= Beginning of Section =

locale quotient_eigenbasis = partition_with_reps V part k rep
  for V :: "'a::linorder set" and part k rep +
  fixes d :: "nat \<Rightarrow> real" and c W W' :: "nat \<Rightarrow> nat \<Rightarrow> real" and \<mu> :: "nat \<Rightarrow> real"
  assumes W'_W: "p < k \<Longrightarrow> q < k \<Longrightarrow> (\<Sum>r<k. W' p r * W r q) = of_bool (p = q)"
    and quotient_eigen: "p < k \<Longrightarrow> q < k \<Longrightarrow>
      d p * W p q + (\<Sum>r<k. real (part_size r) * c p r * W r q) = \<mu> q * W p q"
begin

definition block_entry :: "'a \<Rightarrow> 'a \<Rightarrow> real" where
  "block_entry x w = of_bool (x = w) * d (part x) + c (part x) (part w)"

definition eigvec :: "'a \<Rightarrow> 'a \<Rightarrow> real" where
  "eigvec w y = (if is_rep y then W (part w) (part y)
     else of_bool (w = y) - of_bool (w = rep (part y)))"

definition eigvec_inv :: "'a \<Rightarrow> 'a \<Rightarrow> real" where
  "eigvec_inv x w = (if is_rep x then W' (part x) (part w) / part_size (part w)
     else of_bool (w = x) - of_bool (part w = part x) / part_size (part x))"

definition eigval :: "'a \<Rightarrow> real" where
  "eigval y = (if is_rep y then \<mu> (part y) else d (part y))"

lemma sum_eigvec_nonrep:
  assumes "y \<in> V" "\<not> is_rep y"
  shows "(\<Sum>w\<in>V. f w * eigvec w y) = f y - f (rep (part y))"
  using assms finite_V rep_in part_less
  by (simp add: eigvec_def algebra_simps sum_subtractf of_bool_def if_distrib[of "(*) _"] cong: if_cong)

= End of Section =
= Beginning of Section =

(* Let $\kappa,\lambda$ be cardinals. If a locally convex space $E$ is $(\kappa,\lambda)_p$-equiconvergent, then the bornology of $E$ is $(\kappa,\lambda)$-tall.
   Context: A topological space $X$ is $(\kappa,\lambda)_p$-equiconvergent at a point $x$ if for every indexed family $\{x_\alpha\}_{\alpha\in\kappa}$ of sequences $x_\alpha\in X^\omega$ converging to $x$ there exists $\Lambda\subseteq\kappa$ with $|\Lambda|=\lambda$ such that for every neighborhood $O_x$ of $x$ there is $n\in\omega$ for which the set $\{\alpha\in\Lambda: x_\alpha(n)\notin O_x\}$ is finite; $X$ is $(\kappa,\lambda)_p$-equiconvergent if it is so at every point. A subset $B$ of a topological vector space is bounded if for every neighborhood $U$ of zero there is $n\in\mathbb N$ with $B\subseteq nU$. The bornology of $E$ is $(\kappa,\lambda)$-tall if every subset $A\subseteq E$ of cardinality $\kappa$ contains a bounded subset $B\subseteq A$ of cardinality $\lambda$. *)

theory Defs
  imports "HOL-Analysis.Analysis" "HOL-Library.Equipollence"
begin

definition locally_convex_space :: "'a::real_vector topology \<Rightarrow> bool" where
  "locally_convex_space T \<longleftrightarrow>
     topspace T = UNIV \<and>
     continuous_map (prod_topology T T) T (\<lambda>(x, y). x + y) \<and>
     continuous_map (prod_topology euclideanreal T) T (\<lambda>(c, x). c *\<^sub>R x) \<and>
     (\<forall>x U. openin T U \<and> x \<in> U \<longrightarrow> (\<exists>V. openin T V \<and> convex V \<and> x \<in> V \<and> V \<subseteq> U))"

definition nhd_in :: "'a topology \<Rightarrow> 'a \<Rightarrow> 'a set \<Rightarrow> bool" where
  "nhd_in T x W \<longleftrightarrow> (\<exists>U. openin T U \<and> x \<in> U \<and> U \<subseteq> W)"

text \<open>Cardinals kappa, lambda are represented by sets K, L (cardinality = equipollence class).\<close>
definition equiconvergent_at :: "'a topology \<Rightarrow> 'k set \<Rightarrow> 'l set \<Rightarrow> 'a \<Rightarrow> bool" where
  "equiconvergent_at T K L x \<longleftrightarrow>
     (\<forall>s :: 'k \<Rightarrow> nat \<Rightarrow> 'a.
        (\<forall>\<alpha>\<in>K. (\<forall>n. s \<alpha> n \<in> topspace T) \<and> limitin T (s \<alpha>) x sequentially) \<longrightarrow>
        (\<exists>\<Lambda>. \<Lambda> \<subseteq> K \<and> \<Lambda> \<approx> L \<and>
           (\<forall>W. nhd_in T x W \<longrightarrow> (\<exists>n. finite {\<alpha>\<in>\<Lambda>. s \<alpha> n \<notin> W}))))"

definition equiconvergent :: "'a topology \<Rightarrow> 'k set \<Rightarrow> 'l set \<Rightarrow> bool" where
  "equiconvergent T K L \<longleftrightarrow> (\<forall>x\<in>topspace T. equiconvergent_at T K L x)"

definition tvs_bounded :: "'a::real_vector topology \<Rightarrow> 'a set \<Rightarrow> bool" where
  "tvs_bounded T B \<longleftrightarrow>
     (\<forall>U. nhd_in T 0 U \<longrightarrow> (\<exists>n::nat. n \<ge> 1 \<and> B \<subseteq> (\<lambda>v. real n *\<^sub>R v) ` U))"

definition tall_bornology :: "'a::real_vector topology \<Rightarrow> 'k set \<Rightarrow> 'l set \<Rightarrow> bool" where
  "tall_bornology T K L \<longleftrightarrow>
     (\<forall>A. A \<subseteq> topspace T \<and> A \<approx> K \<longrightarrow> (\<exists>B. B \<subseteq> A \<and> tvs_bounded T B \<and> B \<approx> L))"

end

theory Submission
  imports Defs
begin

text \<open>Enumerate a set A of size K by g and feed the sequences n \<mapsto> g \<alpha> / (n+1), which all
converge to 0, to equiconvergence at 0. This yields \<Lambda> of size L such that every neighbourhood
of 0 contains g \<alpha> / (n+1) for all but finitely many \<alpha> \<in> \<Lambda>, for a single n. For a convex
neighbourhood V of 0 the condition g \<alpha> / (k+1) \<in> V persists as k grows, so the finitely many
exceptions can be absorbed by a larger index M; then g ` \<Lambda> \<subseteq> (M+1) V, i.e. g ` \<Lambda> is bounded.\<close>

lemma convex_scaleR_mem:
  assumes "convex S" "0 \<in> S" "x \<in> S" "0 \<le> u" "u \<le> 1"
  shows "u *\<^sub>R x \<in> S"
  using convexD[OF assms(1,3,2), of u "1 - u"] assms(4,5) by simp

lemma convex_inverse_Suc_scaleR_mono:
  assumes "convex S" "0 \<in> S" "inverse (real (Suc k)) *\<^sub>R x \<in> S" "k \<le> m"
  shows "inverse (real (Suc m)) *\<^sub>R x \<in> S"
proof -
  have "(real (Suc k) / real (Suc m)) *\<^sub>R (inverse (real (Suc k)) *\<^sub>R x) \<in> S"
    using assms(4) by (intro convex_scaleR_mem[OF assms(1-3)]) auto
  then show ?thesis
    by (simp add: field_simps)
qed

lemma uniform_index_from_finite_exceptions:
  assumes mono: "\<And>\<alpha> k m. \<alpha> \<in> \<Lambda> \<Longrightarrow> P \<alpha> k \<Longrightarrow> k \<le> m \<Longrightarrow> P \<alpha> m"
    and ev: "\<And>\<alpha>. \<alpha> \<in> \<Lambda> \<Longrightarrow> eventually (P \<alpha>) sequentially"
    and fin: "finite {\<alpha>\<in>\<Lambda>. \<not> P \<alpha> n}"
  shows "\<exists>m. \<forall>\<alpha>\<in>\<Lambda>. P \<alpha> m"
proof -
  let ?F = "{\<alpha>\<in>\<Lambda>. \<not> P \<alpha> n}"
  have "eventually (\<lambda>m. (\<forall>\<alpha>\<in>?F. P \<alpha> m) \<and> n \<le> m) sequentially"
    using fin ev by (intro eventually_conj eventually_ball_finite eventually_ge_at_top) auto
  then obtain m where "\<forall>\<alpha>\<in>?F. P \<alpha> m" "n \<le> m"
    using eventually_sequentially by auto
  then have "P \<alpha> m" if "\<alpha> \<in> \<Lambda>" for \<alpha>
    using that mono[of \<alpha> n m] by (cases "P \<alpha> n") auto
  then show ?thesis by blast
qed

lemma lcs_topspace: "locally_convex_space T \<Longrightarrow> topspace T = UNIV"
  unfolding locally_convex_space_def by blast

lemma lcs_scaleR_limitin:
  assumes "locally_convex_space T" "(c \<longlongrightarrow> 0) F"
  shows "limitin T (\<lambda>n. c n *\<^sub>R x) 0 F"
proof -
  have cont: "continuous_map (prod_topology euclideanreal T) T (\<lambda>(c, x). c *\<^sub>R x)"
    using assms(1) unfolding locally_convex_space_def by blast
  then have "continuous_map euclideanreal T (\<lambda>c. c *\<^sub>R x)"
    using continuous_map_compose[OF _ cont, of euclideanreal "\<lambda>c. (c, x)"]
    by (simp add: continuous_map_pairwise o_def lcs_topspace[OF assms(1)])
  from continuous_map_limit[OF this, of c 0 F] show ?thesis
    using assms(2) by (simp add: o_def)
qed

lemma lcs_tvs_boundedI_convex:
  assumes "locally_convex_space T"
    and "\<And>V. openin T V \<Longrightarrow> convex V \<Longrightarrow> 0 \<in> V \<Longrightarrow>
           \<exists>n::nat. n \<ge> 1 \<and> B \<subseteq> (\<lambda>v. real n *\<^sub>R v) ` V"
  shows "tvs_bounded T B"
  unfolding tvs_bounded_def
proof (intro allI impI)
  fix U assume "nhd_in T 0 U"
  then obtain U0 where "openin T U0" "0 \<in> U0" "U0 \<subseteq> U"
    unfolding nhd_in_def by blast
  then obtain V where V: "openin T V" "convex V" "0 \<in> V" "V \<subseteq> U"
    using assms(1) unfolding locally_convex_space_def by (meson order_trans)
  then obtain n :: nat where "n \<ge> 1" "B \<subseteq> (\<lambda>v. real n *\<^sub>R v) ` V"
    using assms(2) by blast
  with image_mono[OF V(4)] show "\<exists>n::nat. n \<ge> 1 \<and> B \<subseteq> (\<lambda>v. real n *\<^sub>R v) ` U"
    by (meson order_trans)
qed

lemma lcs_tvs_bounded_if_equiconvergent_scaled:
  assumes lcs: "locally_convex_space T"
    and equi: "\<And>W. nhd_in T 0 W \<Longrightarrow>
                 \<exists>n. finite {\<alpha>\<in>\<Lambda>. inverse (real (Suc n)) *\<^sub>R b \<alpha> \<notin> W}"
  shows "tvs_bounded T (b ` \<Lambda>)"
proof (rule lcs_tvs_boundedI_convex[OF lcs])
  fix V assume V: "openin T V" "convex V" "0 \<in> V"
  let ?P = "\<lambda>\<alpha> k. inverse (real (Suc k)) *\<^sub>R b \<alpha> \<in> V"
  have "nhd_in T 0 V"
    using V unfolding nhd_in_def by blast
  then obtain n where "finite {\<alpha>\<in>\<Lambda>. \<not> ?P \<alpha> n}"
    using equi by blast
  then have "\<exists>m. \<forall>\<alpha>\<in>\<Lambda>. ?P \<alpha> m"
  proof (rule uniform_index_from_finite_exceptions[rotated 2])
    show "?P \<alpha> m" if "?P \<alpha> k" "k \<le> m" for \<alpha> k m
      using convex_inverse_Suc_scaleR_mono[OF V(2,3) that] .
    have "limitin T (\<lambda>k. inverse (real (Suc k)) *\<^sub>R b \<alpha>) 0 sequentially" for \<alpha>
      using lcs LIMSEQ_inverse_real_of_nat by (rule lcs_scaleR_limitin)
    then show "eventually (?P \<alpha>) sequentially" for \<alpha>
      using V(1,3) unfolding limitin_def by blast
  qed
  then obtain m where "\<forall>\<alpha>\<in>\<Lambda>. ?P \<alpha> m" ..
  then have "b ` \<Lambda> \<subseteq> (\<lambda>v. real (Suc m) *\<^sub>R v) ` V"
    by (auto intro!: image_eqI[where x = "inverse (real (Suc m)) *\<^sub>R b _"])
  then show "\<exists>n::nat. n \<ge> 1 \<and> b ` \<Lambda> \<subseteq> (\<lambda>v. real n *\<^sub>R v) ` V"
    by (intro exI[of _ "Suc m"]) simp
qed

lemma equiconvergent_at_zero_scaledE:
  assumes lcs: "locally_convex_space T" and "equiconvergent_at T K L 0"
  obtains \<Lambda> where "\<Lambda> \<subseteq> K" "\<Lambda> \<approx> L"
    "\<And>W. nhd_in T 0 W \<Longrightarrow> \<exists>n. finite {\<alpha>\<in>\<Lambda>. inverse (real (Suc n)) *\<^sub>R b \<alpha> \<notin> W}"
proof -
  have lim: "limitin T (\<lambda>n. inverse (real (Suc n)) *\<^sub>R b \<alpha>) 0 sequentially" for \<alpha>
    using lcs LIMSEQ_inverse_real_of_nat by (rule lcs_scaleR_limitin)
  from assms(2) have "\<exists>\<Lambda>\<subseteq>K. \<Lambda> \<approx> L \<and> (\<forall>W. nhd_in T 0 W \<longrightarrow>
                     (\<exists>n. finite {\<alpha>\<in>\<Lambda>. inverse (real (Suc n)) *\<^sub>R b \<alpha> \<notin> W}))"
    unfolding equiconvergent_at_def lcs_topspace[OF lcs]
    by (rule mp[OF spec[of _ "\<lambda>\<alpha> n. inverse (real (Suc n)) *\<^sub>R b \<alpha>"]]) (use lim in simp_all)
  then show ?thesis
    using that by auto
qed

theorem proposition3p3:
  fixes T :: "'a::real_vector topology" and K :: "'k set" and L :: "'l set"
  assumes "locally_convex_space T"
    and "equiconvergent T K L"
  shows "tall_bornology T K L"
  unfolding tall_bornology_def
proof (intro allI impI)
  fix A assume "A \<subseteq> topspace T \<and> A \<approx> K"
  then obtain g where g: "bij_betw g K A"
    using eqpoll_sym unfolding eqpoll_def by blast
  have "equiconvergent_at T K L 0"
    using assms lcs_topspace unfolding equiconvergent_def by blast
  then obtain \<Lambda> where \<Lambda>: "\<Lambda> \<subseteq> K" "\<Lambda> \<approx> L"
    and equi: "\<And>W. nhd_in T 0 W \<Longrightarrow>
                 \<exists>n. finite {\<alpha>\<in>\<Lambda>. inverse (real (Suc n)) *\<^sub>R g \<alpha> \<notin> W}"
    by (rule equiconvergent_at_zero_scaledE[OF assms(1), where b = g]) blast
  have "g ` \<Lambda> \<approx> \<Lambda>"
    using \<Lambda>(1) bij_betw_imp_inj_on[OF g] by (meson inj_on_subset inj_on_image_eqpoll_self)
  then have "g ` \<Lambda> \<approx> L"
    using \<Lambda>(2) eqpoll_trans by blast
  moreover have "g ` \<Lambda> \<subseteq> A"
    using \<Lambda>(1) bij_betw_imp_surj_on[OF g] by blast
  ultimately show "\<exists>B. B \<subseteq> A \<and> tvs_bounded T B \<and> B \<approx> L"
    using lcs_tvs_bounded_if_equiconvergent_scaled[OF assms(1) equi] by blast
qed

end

= End of Section =

» **Exercise details**: Using the listing above, show each line with the word "fixes" in it.

» **The completed task**:
  fixes d :: "nat \<Rightarrow> real" and c W W' :: "nat \<Rightarrow> nat \<Rightarrow> real" and \<mu> :: "nat \<Rightarrow> real"
  fixes T :: "'a::real_vector topology" and K :: "'k set" and L :: "'l set"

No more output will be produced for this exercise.